DIRECTIONS: Take the listing below and print exactly the lines starting at the line containing "(\<lambda>i j. \<integral>z." and ending at the line containing "z) \<theta> +", both ends included, and no others.

::::::::

(* Let $x\in\mathbb{R}^p$ have $\mathbb{E}[x]=0$, covariance $\Sigma$ and bounded fourth moments with constant $C_4$. Let $\Phi:\mathbb{R}\to\mathbb{R}$ be four times differentiable and $c(\sigma)>0$, and let $y$ be real-valued with, conditionally on $x$ and writing $\eta^*=\langle x,\theta^*\rangle$, $\mathbb{E}[y\mid x]=\Phi'(\eta^* )$ and $\mathbb{E}[(y-\Phi'(\eta^* ))^4\mid x]=c(\sigma)^3\Phi^{(4)}(\eta^* )+3c(\sigma)^2(\Phi''(\eta^* ))^2$ (as holds when $y\mid x$ has density proportional to $\exp((y\eta^*-\Phi(\eta^* ))/c(\sigma))$ with respect to a base measure). Assume there are constants $L_{\Phi,2k},B_{\Phi,2k}\ge0$ ($k=1,2$) with $\mathbb{E}_x|\Phi'(\langle x,\theta\rangle)-\Phi'(\langle x,\theta^*\rangle)|^{2k}\le L_{\Phi,2k}\|\theta-\theta^*\|_2^{2k}+B_{\Phi,2k}$ for all $\theta$, and constants $M_{\Phi,2,2},M_{\Phi,4,1}$ with $\mathbb{E}_x[|\Phi''(\eta^* )|^2]\le M_{\Phi,2,2}$, $\mathbb{E}_x[|\Phi^{(4)}(\eta^* )|]\le M_{\Phi,4,1}$. Let $\overline{\mathcal{L}}(\theta;(x,y))=-y\langle x,\theta\rangle+\Phi(\langle x,\theta\rangle)$ and $\Delta=\theta-\theta^*$. Then there are constants $C_1,C_2>0$ depending only on $C_4$ such that for all $\theta\in\mathbb{R}^p$, $$\|\operatorname{Cov}(\nabla_\theta\overline{\mathcal{L}}(\theta;(x,y)))\|_2\le C_1\|\Delta\|_2^2\|\Sigma\|_2\big(\sqrt{L_{\Phi,4}}+L_{\Phi,2}\big)+C_2\|\Sigma\|_2\Big(B_{\Phi,2}+\sqrt{B_{\Phi,4}}+c(\sigma)\sqrt{3M_{\Phi,2,2}}+\sqrt{c(\sigma)^3M_{\Phi,4,1}}\Big).$$
   Context: A random vector $x$ with mean $\mu$ has bounded $2k$-th moments with constant $C_{2k}$ if for every unit vector $v$, $\mathbb{E}[\langle x-\mu,v\rangle^{2k}]\le C_{2k}(\mathbb{E}[\langle x-\mu,v\rangle^2])^k$. Matrix norm $\|\cdot\|_2$ is the operator norm. *)

theory Defs
  imports "HOL-Probability.Probability"
begin

text \<open>Vectors of R^p are represented as functions nat => real of which only the
coordinates i < p matter. The joint law of (x,y) is a probability measure on
(nat => real) x real; x = fst, y = snd.\<close>

definition ipv :: "nat \<Rightarrow> (nat \<Rightarrow> real) \<Rightarrow> (nat \<Rightarrow> real) \<Rightarrow> real" where
  "ipv p u v = (\<Sum>i<p. u i * v i)"

definition vnorm :: "nat \<Rightarrow> (nat \<Rightarrow> real) \<Rightarrow> real" where
  "vnorm p v = sqrt (ipv p v v)"

definition opnorm :: "nat \<Rightarrow> (nat \<Rightarrow> nat \<Rightarrow> real) \<Rightarrow> real" where
  "opnorm p A = Sup {vnorm p (\<lambda>i. \<Sum>j<p. A i j * v j) | v. vnorm p v \<le> 1}"

definition mean_vec :: "'a measure \<Rightarrow> ('a \<Rightarrow> nat \<Rightarrow> real) \<Rightarrow> nat \<Rightarrow> real" where
  "mean_vec M X = (\<lambda>i. \<integral>z. X z i \<partial>M)"

definition cov_matrix :: "'a measure \<Rightarrow> ('a \<Rightarrow> nat \<Rightarrow> real) \<Rightarrow> nat \<Rightarrow> nat \<Rightarrow> real" where
  "cov_matrix M X = (\<lambda>i j. \<integral>z. (X z i - mean_vec M X i) * (X z j - mean_vec M X j) \<partial>M)"

definition bounded_moments ::
  "'a measure \<Rightarrow> nat \<Rightarrow> ('a \<Rightarrow> nat \<Rightarrow> real) \<Rightarrow> nat \<Rightarrow> real \<Rightarrow> bool" where
  "bounded_moments M p X k C \<longleftrightarrow>
     (\<forall>v. vnorm p v = 1 \<longrightarrow>
        (\<integral>z. (ipv p (\<lambda>i. X z i - mean_vec M X i) v) ^ (2*k) \<partial>M)
          \<le> C * (\<integral>z. (ipv p (\<lambda>i. X z i - mean_vec M X i) v) ^ 2 \<partial>M) ^ k)"

definition Lbar :: "nat \<Rightarrow> (real \<Rightarrow> real) \<Rightarrow> (nat \<Rightarrow> real) \<Rightarrow> (nat \<Rightarrow> real) \<times> real \<Rightarrow> real" where
  "Lbar p \<Phi> \<theta> z = - snd z * ipv p (fst z) \<theta> + \<Phi> (ipv p (fst z) \<theta>)"

definition grad_Lbar :: "nat \<Rightarrow> (real \<Rightarrow> real) \<Rightarrow> (nat \<Rightarrow> real) \<Rightarrow> (nat \<Rightarrow> real) \<times> real \<Rightarrow> nat \<Rightarrow> real" where
  "grad_Lbar p \<Phi> \<theta> z = (\<lambda>i. deriv (\<lambda>t. Lbar p \<Phi> (\<theta>(i := t)) z) (\<theta> i))"

definition sigma_x :: "nat \<Rightarrow> ((nat \<Rightarrow> real) \<times> real) measure \<Rightarrow> ((nat \<Rightarrow> real) \<times> real) measure" where
  "sigma_x p M = vimage_algebra (space M) fst (PiM {..<p} (\<lambda>_. borel))"

definition glm_hyps ::
  "nat \<Rightarrow> ((nat \<Rightarrow> real) \<times> real) measure \<Rightarrow> real \<Rightarrow>
   (real \<Rightarrow> real) \<Rightarrow> (real \<Rightarrow> real) \<Rightarrow> (real \<Rightarrow> real) \<Rightarrow> (real \<Rightarrow> real) \<Rightarrow> (real \<Rightarrow> real) \<Rightarrow>
   (nat \<Rightarrow> real) \<Rightarrow> real \<Rightarrow> real \<Rightarrow> real \<Rightarrow> real \<Rightarrow> real \<Rightarrow> real \<Rightarrow> real \<Rightarrow> bool" where
  "glm_hyps p M C4 \<Phi> \<Phi>1 \<Phi>2 \<Phi>3 \<Phi>4 \<theta>s c L2 L4 B2 B4 M22 M41 \<longleftrightarrow>
     prob_space M \<and>
     sets M = sets (PiM {..<p} (\<lambda>_. borel) \<Otimes>\<^sub>M (borel :: real measure)) \<and>
     \<comment> \<open>x has finite fourth moments, mean zero, bounded fourth moments with constant C4\<close>
     (\<forall>i<p. integrable M (\<lambda>z. fst z i ^ 4)) \<and>
     (\<forall>i<p. (\<integral>z. fst z i \<partial>M) = 0) \<and>
     bounded_moments M p fst 2 C4 \<and>
     \<comment> \<open>Phi four times differentiable\<close>
     (\<forall>t. (\<Phi> has_real_derivative \<Phi>1 t) (at t)) \<and>
     (\<forall>t. (\<Phi>1 has_real_derivative \<Phi>2 t) (at t)) \<and>
     (\<forall>t. (\<Phi>2 has_real_derivative \<Phi>3 t) (at t)) \<and>
     (\<forall>t. (\<Phi>3 has_real_derivative \<Phi>4 t) (at t)) \<and>
     c > 0 \<and>
     \<comment> \<open>conditional moments of y given x\<close>
     integrable M snd \<and>
     (AE z in M. real_cond_exp M (sigma_x p M) snd z = \<Phi>1 (ipv p (fst z) \<theta>s)) \<and>
     integrable M (\<lambda>z. (snd z - \<Phi>1 (ipv p (fst z) \<theta>s)) ^ 4) \<and>
     (AE z in M. real_cond_exp M (sigma_x p M) (\<lambda>z. (snd z - \<Phi>1 (ipv p (fst z) \<theta>s)) ^ 4) z
                 = c ^ 3 * \<Phi>4 (ipv p (fst z) \<theta>s) + 3 * c\<^sup>2 * (\<Phi>2 (ipv p (fst z) \<theta>s))\<^sup>2) \<and>
     \<comment> \<open>Lipschitz-type moment conditions on Phi'\<close>
     L2 \<ge> 0 \<and> L4 \<ge> 0 \<and> B2 \<ge> 0 \<and> B4 \<ge> 0 \<and>
     (\<forall>\<theta>. integrable M (\<lambda>z. \<bar>\<Phi>1 (ipv p (fst z) \<theta>) - \<Phi>1 (ipv p (fst z) \<theta>s)\<bar> ^ 2) \<and>
          (\<integral>z. \<bar>\<Phi>1 (ipv p (fst z) \<theta>) - \<Phi>1 (ipv p (fst z) \<theta>s)\<bar> ^ 2 \<partial>M)
            \<le> L2 * vnorm p (\<lambda>i. \<theta> i - \<theta>s i) ^ 2 + B2) \<and>
     (\<forall>\<theta>. integrable M (\<lambda>z. \<bar>\<Phi>1 (ipv p (fst z) \<theta>) - \<Phi>1 (ipv p (fst z) \<theta>s)\<bar> ^ 4) \<and>
          (\<integral>z. \<bar>\<Phi>1 (ipv p (fst z) \<theta>) - \<Phi>1 (ipv p (fst z) \<theta>s)\<bar> ^ 4 \<partial>M)
            \<le> L4 * vnorm p (\<lambda>i. \<theta> i - \<theta>s i) ^ 4 + B4) \<and>
     integrable M (\<lambda>z. \<bar>\<Phi>2 (ipv p (fst z) \<theta>s)\<bar> ^ 2) \<and>
     (\<integral>z. \<bar>\<Phi>2 (ipv p (fst z) \<theta>s)\<bar> ^ 2 \<partial>M) \<le> M22 \<and>
     integrable M (\<lambda>z. \<bar>\<Phi>4 (ipv p (fst z) \<theta>s)\<bar>) \<and>
     (\<integral>z. \<bar>\<Phi>4 (ipv p (fst z) \<theta>s)\<bar> \<partial>M) \<le> M41"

::::::::

FINAL ANSWER:
  "cov_matrix M X = (\<lambda>i j. \<integral>z. (X z i - mean_vec M X i) * (X z j - mean_vec M X j) \<partial>M)"

definition bounded_moments ::
  "'a measure \<Rightarrow> nat \<Rightarrow> ('a \<Rightarrow> nat \<Rightarrow> real) \<Rightarrow> nat \<Rightarrow> real \<Rightarrow> bool" where
  "bounded_moments M p X k C \<longleftrightarrow>
     (\<forall>v. vnorm p v = 1 \<longrightarrow>
        (\<integral>z. (ipv p (\<lambda>i. X z i - mean_vec M X i) v) ^ (2*k) \<partial>M)
          \<le> C * (\<integral>z. (ipv p (\<lambda>i. X z i - mean_vec M X i) v) ^ 2 \<partial>M) ^ k)"

definition Lbar :: "nat \<Rightarrow> (real \<Rightarrow> real) \<Rightarrow> (nat \<Rightarrow> real) \<Rightarrow> (nat \<Rightarrow> real) \<times> real \<Rightarrow> real" where
  "Lbar p \<Phi> \<theta> z = - snd z * ipv p (fst z) \<theta> + \<Phi> (ipv p (fst z) \<theta>)"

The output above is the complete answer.